Method CompareArrays(ByRef first, ByRef second, Output pMessage) As %Boolean [ ProcedureBlock = 0 ]
{
    New tEqual,tRef1,tRef2,tRef1Data,tRef1Value,tRef2Data,tRef2Value
    
    Set pMessage = ""
    Set tEqual = 1
    Set tRef1 = "first"
    Set tRef2 = "second"
    While (tRef1 '= "") || (tRef2 '= "") {
        #; See if the subscript is the same for both arrays.
        #; If not, one of them has a subscript the other doesn't, and they're not equal.
        If ($Piece(tRef1,"first",2) '= $Piece(tRef2,"second",2)) {
            Set tEqual = 0
            Set pMessage = "Different subscripts encountered by $Query: "_
                $Case(tRef1,"":"<end>",:tRef1)_"; "_$Case(tRef2,"":"<end>",:tRef2)
            Quit
        }
        
        Kill tRef1Value,tRef2Value
        Set tRef1Data = $Data(@tRef1,tRef1Value)
        Set tRef2Data = $Data(@tRef2,tRef2Value)
        #; See if the $Data values are the same for the two.
        #; This is really only useful to detect if one of the arrays is undefined on the first pass;
        #; $Query only returns subscripts with data.
        #; This will catch only one being defined, or one being an array and
        #; ​the other being a regular variable.
        If (tRef1Data '= tRef2Data) {
            Set tEqual = 0
            Set pMessage = "$Data("_tRef1_")="_tRef1Data_"; $Data("_tRef2_")="_tRef2Data
            Quit
        } ElseIf (tRef1Data#2) && (tRef2Data#2) {
            #; See if the value at the subscript is the same for both arrays.
            #; If not, they're not equal.
            If (tRef1Value '= tRef2Value) {
                Set tEqual = 0
                Set pMessage = tRef1_"="_@tRef1_"; "_tRef2_"="_@tRef2
                Quit
            }
        }
        
        Set tRef1 = $Query(@tRef1)
        Set tRef2 = $Query(@tRef2)
    }
    Quit tEqual
}
Discussion (6)1
Log in or sign up to continue

I dug up a pre-dynamic objects version of a utility method from a REST test and cleaned it up a bit (hopefully not introducing any bugs in the process):

ClassMethod compareArrays(ByRef actual, ByRef expected) As %Status [ PublicList = (actual, expected) ]
{
    ; compare root node
    set deix=$d(expected,eval),daix=$d(actual,aval)
    if deix'=daix {
        quit $$$ERROR($$$GeneralError,"$d(actual)="_daix_" instead of "_deix)
    }
    if deix#2,aval'=eval {
        quit $$$ERROR($$$GeneralError,"actual="""_aval_""" instead of """_eval_"""")
    }

    set status=$$$OK
    set eix="expected",aix="actual"
    for i=1:1 {
        set eix=$q(@eix),aix=$q(@aix)
        quit:""=eix&&(""=aix)

        set seix="("_$p(eix,"(",2,*),saix="("_$p(aix,"(",2,*)
        if seix'=saix {
            set status=$$$ERROR($$$GeneralError,"found """_aix_""" instead of """_eix_""" at position "_i)
            quit
        }

        set deix=$d(@eix,eval),daix=$d(@aix,aval)
        if deix'=daix {
            set status=$$$ERROR($$$GeneralError,"$d(aix)="_daix_" instead of "_deix_" at position "_i)
            quit
        }

        if deix#2,aval'=eval {
            set status=$$$ERROR($$$GeneralError,"actual("""_aix_"""))="""_aval_""" instead of """_eval_""" at position "_i)
            quit
        }
    }
    quit status
}

Comparing them, I only see two things I prefer in my version. First, in this line of your method I would use four-argument $piece with * as the fourth argument, just in case the subscript contains "first" or "second":

    If ($Piece(tRef1,"first",2) '= $Piece(tRef2,"second",2)) {

Second, I would use a public list with first and second, rather than turning off procedure block for the entire method.

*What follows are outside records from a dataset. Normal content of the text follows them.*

lemma x_only_N2_nbr_unique:
  assumes q: "q \<in> N 1" "E q x" "\<not> E q y" and w: "w \<in> N 2" "E q w" and w': "w' \<in> N 2" "E q w'"
  shows "w = w'"
proof (rule ccontr)
  assume "w \<noteq> w'"
  have "\<not> E q v" "\<not> E q c"
    using x_only_nonadj q by blast+
  then have "w \<noteq> v" "w' \<noteq> v"
    using w(2) w'(2) by blast+
  have "\<not> E w c" "\<not> E w' c"
    using N1_nbr_of_v_N2_nbr_eq[OF c c_v] w w' \<open>w \<noteq> v\<close> \<open>w' \<noteq> v\<close> sym by blast+
  have "\<not> E w u3" "\<not> E w' u3"
    using N3_N2_nbr_unique[OF u3 v] w(1) w'(1) v_u3 sym \<open>w \<noteq> v\<close> \<open>w' \<noteq> v\<close> by blast+
  have "\<not> E w w'" "\<not> E w v" "\<not> E w' v"
    using N2_independent v w(1) w'(1) by blast+
  note path_facts x_N0 c c_x c_v
  show False
    by (rule no_S115[of q w w' x c v u3 u];
        (fact | (rule sym, fact) | (rule nsym, fact) | (rule N_nonadj, fact, fact, simp)))
qed

lemma N1_away_one_sided:
  assumes "z \<in> N1_away"
  shows "\<not> (E z x \<and> E z y)"
proof
  assume "E z x \<and> E z y"
  moreover have "z \<noteq> c"
    using assms c_v by blast
  ultimately show False
    using no_K4[of x y z c] no_diamond[of x y z c] edge_xy c_x c_y sym by blast
qed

Actually I don't see any value for checking $data for intermediate subscript (and check their consistency only at the most beginning of a function). Here is my [hopefully] simpler version

CompareArrays(refL, refR)
    if $data(@refL) '= $data(@refR) {
        // they are not consistent: one is non-array
        return 0
    }
    
    do {
        // fetch next data node subscript and it's value
        set refL = $query(@refL, 1, valueL), refR = $query(@refR, 1, valueR)
        if refL="" || (refR="") {
            quit
        }
        set subL = $qlength(refL), subR = $qlength(refR)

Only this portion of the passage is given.